In December 2001 the Bart Wells Institute was established by Luke Gottelier and Francis Upritchard in a large squat in East London. The Bart Wells Institute ran for about two years and exhibitions were curated by artists including Sam Basu, Brian Griffiths, David Thorpe and Harry Pye.
Upritchard was short-listed for the Becks Futures prize for an exhibition she made 2003 Save Yourself, a small mummy surrounded by funerary urns which lies on the gallery floor vibrating and moaning. A packet of cigarettes is tucked into its bandages, and a single glass eye can also be seen.
In 2005 Upritchard had simultaneous shows in the Andrea Rosen Gallery and Salon 94. The sculpture Torcello, Balata Figures and a selection of found objects were arranged over two large plinths. Sculptures of sloths, monkeys, orrerys and rocks. In 2005 she also won New Zealand's Walters Prize for art, after being shortlisted for her Artspace show Doomed Doomed All Doomed in 2005.
It was announced in 2008 that Upritchard, along with Judy Millar, would be New Zealand's representatives at the 2009 Venice Biennale.Upritchard's installation was entitled Save Yourself. This was Upritchards first major installation of furniture with figures. Across thee rooms in Fondazione Claudio Buziol Palazzo, 3 over sized tables which made up the works Long, Lonely and Dancers, with a mix of references including psychedelic culture, hippies, Pieter Bruegel the elder and Erasmus Grasser.

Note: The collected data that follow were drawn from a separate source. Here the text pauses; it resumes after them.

(* Let $n\ge3$, $k\ge1$ be integers, $\alpha=n/2-1$, let $b>0>c$ satisfy $$bc=-\frac{(k+1)k(\alpha+k-1)}{(2\alpha+k)(2\alpha+k-1)(\alpha+k+1)},\qquad b+c=-\frac{2\alpha(k+1)^2(\alpha+k-1)}{(2\alpha+k)(2\alpha+k-1)(\alpha+2k+1)},$$ and let $\beta_1<\dots<\beta_{k+1}$ be the zeros of $P_{k+1}^{(n)}(t)+bP_{k-1}^{(n)}(t)$. Then the polynomial $g_k(t)=(t-\beta_1)(t-\beta_2)\cdots(t-\beta_k)$ has all Gegenbauer coefficients positive, i.e. $g_k=\sum_{i=0}^kc_iP_i^{(n)}$ with $c_i>0$ for $i=0,\dots,k$.
   Context: $P_i^{(n)}$ is the Gegenbauer polynomial of degree $i$ (Jacobi polynomial with parameters $(n-3)/2,(n-3)/2$, normalized $P_i^{(n)}(1)=1$). *)

theory Defs
  imports "HOL-Computational_Algebra.Polynomial"
begin

text \<open>Gegenbauer polynomial P_i^{(n)} of degree i, normalized by P_i^{(n)}(1) = 1
  (Jacobi polynomial with parameters ((n-3)/2,(n-3)/2), normalized at 1), given by the
  standard three-term recurrence
  P_0 = 1, P_1 = t, (i+n-2) P_{i+1}(t) = (2i+n-2) t P_i(t) - i P_{i-1}(t).\<close>
fun gegen :: "nat \<Rightarrow> nat \<Rightarrow> real poly" where
  "gegen n 0 = 1"
| "gegen n (Suc 0) = [:0, 1:]"
| "gegen n (Suc (Suc i)) =
     smult (1 / (real (Suc i) + real n - 2))
       (smult (2 * real (Suc i) + real n - 2) ([:0, 1:] * gegen n (Suc i))
        - smult (real (Suc i)) (gegen n i))"

end

theory Submission
  imports Defs
begin

(* Write f = P_(k+1) + b P_(k-1) (perturbed k b) and y = beta_(k+1) for its largest zero, so that
   g_k = f / (l (t - y)) with l the leading coefficient of f.  In the recurrence
   t P_j = u_j P_(j+1) + v_j P_(j-1) put w = v_k - b u_k; then t P_k = u_k f + w P_(k-1), so
   f(y) = 0 gives y P_k(y) = w P_(k-1)(y), and adding one term to the Christoffel-Darboux sum
   with weights m_i (weight i) yields
     (t - y) (w sum_(i<k) m_i P_i(y) P_i(t) + m_k v_k P_k(y) P_k(t)) = m_k v_k u_k P_k(y) f(t).
   The conditions on b + c and b c place v_k / u_k = k / (2 alpha + k) strictly above b, so
   w > 0.  Then f is negative at the largest zero of P_k, hence y lies beyond all zeros of
   P_0, ..., P_k and every P_i(y) is positive.  Only the positivity of the recurrence
   coefficients is used, so the argument is carried out for any such family. *)

lemma poly_root_right:
  fixes q :: "real poly"
  assumes "lead_coeff q > 0" and "poly q z < 0"
  shows "\<exists>r>z. poly q r = 0"
proof -
  obtain N where N: "\<And>t. t \<ge> N \<Longrightarrow> poly q t \<ge> lead_coeff q"
    using poly_pinfty_gt_lc[OF assms(1)] by blast
  have "poly q (max N z + 1) > 0"
    using N[of "max N z + 1"] assms(1) by linarith
  then show ?thesis
    using poly_IVT_pos[of z "max N z + 1" q] assms(2) by force
qed

lemma poly_pos_right_of_roots:
  fixes q :: "real poly"
  assumes "lead_coeff q > 0" and "\<And>t. r < t \<Longrightarrow> poly q t \<noteq> 0" and "r < x"
  shows "poly q x > 0"
proof (rule ccontr)
  assume "\<not> poly q x > 0"
  then have "poly q x < 0"
    using assms(2,3) by force
  then show False
    using poly_root_right[OF assms(1)] assms(2,3) by force
qed

lemma poly_largest_root_right:
  fixes q :: "real poly"
  assumes "lead_coeff q > 0" and "poly q z < 0"
  shows "\<exists>r>z. poly q r = 0 \<and> (\<forall>t. poly q t = 0 \<longrightarrow> t \<le> r)"
proof -
  define R where "R = {t. poly q t = 0}"
  have "finite R"
    unfolding R_def using assms(1) by (intro poly_roots_finite) auto
  obtain r where "r > z" "r \<in> R"
    using poly_root_right[OF assms] unfolding R_def by blast
  moreover have "Max R \<in> R" and "r \<le> Max R"
    using \<open>finite R\<close> \<open>r \<in> R\<close> by (auto intro: Max_in)
  ultimately have "Max R > z" and "poly q (Max R) = 0"
    unfolding R_def by auto
  then show ?thesis
    using \<open>finite R\<close> by (intro exI[of _ "Max R"]) (auto simp: R_def)
qed

lemma smult_sum_right: "smult c (\<Sum>i\<in>A. f i) = (\<Sum>i\<in>A. smult c (f i))"
  by (induction A rule: infinite_finite_induct) (simp_all add: smult_add_right)

lemma poly_eq_smult_prod_distinct_roots:
  fixes q :: "'a::idom poly"
  assumes "finite I" and "inj_on \<beta> I" and "degree q = card I"
    and "\<And>i. i \<in> I \<Longrightarrow> poly q (\<beta> i) = 0"
  shows "q = smult (lead_coeff q) (\<Prod>i\<in>I. [:- \<beta> i, 1:])"
proof (rule poly_eqI_degree_lead_coeff[where n = "card I" and A = "\<beta> ` I"])
  have "degree (\<Prod>i\<in>I. [:- \<beta> i, 1:]) = card I"
    by (subst degree_prod_eq_sum_degree) auto
  moreover have "lead_coeff (\<Prod>i\<in>I. [:- \<beta> i, 1:]) = 1"
    by (simp add: lead_coeff_prod)
  ultimately show "coeff q (card I) = coeff (smult (lead_coeff q) (\<Prod>i\<in>I. [:- \<beta> i, 1:])) (card I)"
    and "degree (smult (lead_coeff q) (\<Prod>i\<in>I. [:- \<beta> i, 1:])) \<le> card I"
    using assms(3) by auto
  show "card I \<le> card (\<beta> ` I)"
    using card_image[OF assms(2)] by simp
  show "degree q \<le> card I"
    using assms(3) by simp
  show "poly q z = poly (smult (lead_coeff q) (\<Prod>i\<in>I. [:- \<beta> i, 1:])) z" if "z \<in> \<beta> ` I" for z
    using that assms(1,4) by (auto simp: poly_prod)
qed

In the 2009 show Feierabend at Kate Macgarry, Upritchard showed with the jewellery designer Karl Fritsch and furniture designer Martino Gamper. The show blended craft, design and fine art in a seamless way, to a point where the viewer became unsure of the authorship of each work. Gesumptkunsthandwerk at the Govett Brewster in the show ‘Stealing the Senses’ was a further exploration of this collaboration. The show was shown again later at Hamish McKay gallery in Wellington. This show included ceramics and bronzes made together by Fritsch Gamper and Upritchard, alongside sculptures and lamps by Upritchard, rings and ornaments by Fritch, furniture and bowls by Gamper.

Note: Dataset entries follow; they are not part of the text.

lemma vf_apply_E1:
  fixes a b c :: "pt \<Rightarrow> real"
  assumes "\<forall>y. a y * b y + b y * c y + c y * a y = 0"
    and "a differentiable (at x)" "b differentiable (at x)" "c differentiable (at x)"
  shows "vf_apply V a x * (b x + c x) + vf_apply V b x * (c x + a x) + vf_apply V c x * (a x + b x) = 0"
proof -
  have "(\<lambda>y. a y * b y + b y * c y + c y * a y) = (\<lambda>y. 0)"
    using assms(1) by simp
  then have "vf_apply V (\<lambda>y. a y * b y + b y * c y + c y * a y) x = 0"
    by simp
  with assms(2-4) show ?thesis
    by (simp add: vf_apply_add vf_apply_mult algebra_simps)
qed

lemma MC_pre_E1:
  "MC_pre g D \<xi> \<Longrightarrow> cyclic i j k \<Longrightarrow> g i y * g j y + g j y * g k y + g k y * g i y = 0"
  unfolding MC_pre_def cyclic_def by (auto simp: algebra_simps)

lemma MC_pre_E2:
  "MC_pre g D \<xi> \<Longrightarrow> cyclic i j k \<Longrightarrow>
    0 = vf_apply (D i) (\<lambda>y. g j y + g k y) x + struct_fun D i j j x * (g i x - g j x)
      + struct_fun D i k k x * (g i x - g k x) - 2 * vf_apply (D i) \<xi> x * g i x"
  unfolding MC_pre_def by blast

lemma gauge_E2:
  fixes g :: "nat \<Rightarrow> pt \<Rightarrow> real"
  assumes MC: "MC_pre g D \<xi>" and A: "smooth A" "\<forall>y. A y > 0" and B: "smooth B" "\<forall>y. B y > 0"
    and \<sigma>: "\<sigma> \<noteq> 0" and cyc: "cyclic i j k"
  defines "D' \<equiv> \<lambda>l y. gauge_factor \<sigma> A B g l y *\<^sub>R D l y"
  shows "0 = vf_apply (D' i) (\<lambda>y. A y * g j y + A y * g k y) x
      + struct_fun D' i j j x * (A x * g i x - A x * g j x)
      + struct_fun D' i k k x * (A x * g i x - A x * g k x)
      - 2 * vf_apply (D' i) (\<lambda>y. \<xi> y + ln (A y) + (g 1 y + g 2 y + g 3 y) * ln (B y)) x * (A x * g i x)"
proof -
  let ?d = "\<lambda>h. vf_apply (D i) h x"
  have g_smooth: "\<forall>l\<in>{1,2,3}. smooth (g l)" and "smooth \<xi>"
    using MC unfolding MC_pre_def by auto
  have idx: "i \<in> {1,2,3}" "j \<in> {1,2,3}" "k \<in> {1,2,3}" "i \<noteq> j" "j \<noteq> k" "k \<noteq> i"
    using cyclic_indices[OF cyc] by auto
  have g_diff: "g l differentiable (at x)" if "l \<in> {1,2,3}" for l
    using g_smooth that smooth_differentiable by blast
  have A_diff: "A differentiable (at x)" and B_diff: "B differentiable (at x)"
    and \<xi>_diff: "\<xi> differentiable (at x)"
    using A(1) B(1) \<open>smooth \<xi>\<close> smooth_differentiable by auto
  have Ax: "A x > 0" and Bx: "B x > 0"
    using A B by auto
  have action: "vf_apply (D' i) h x = gauge_factor \<sigma> A B g i x * ?d h" if "h differentiable (at x)" for h
    unfolding D'_def by (rule vf_apply_scaleR[OF that])
  have metric_diff: "(\<lambda>y. A y * g j y + A y * g k y) differentiable (at x)"
    using A_diff g_diff idx by auto
  have d_metric: "?d (\<lambda>y. A y * g j y + A y * g k y)
      = ?d A * (g j x + g k x) + A x * (?d (g j) + ?d (g k))"
    using A_diff g_diff idx by (simp add: vf_apply_add vf_apply_mult algebra_simps)
  have sum_cyc: "g 1 y + g 2 y + g 3 y = g i y + g j y + g k y" for y
    using cyclic_sum_all[OF cyc, of "\<lambda>l. g l y"] by simp
  have "(\<lambda>y. g i y + g j y + g k y) differentiable (at x)"
    using g_diff idx by auto
  note potential = vf_apply_gauge_potential[OF \<xi>_diff A_diff B_diff this Ax Bx]
  have d_sum: "?d (\<lambda>y. g i y + g j y + g k y) = ?d (g i) + ?d (g j) + ?d (g k)"
    using g_diff idx by (simp add: vf_apply_add)
  note struct = struct_fun_gauge_diag[OF MC A B \<sigma> cyclic_rotate[OF cyc] idx(1,4)]
    struct_fun_gauge_diag[OF MC A B \<sigma> cyclic_rotate[OF cyclic_rotate[OF cyc]] idx(1) idx(6)[symmetric]]
  have E1: "g i x * g j x + g j x * g k x + g k x * g i x = 0"
    using MC_pre_E1[OF MC cyc] .
  have dE1: "?d (g i) * (g j x + g k x) + ?d (g j) * (g k x + g i x) + ?d (g k) * (g i x + g j x) = 0"
    using MC_pre_E1[OF MC cyc] g_diff idx by (intro vf_apply_E1) auto
  have E2: "?d (g j) + ?d (g k) + struct_fun D i j j x * (g i x - g j x)
      + struct_fun D i k k x * (g i x - g k x) - 2 * ?d \<xi> * g i x = 0"
    using MC_pre_E2[OF MC cyc, of x] g_diff idx by (simp add: vf_apply_add)
  show ?thesis
    unfolding D'_def sum_cyc
    unfolding action[OF metric_diff, unfolded D'_def] action[OF potential(1), unfolded D'_def]
      d_metric potential(2) d_sum struct
      gauge_E2_expansion[OF less_imp_neq[OF Ax, symmetric] less_imp_neq[OF Bx, symmetric]] E1 dE1 E2
    by simp
qed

Upritchards first solo museum show in Europe was at the Vienna Secession called In die Höhle (into the Cave). The show included works combining furniture and figurative sculptures referencing Sol LeWitt, Gustav Klimt, Beethoven Frieze and Weiner Werkstatte.
Francis Upritchard is represented in the UK by Kate Macgarry, in the US by Salon 94 and in New Zealand by Ivan Anthony Gallery.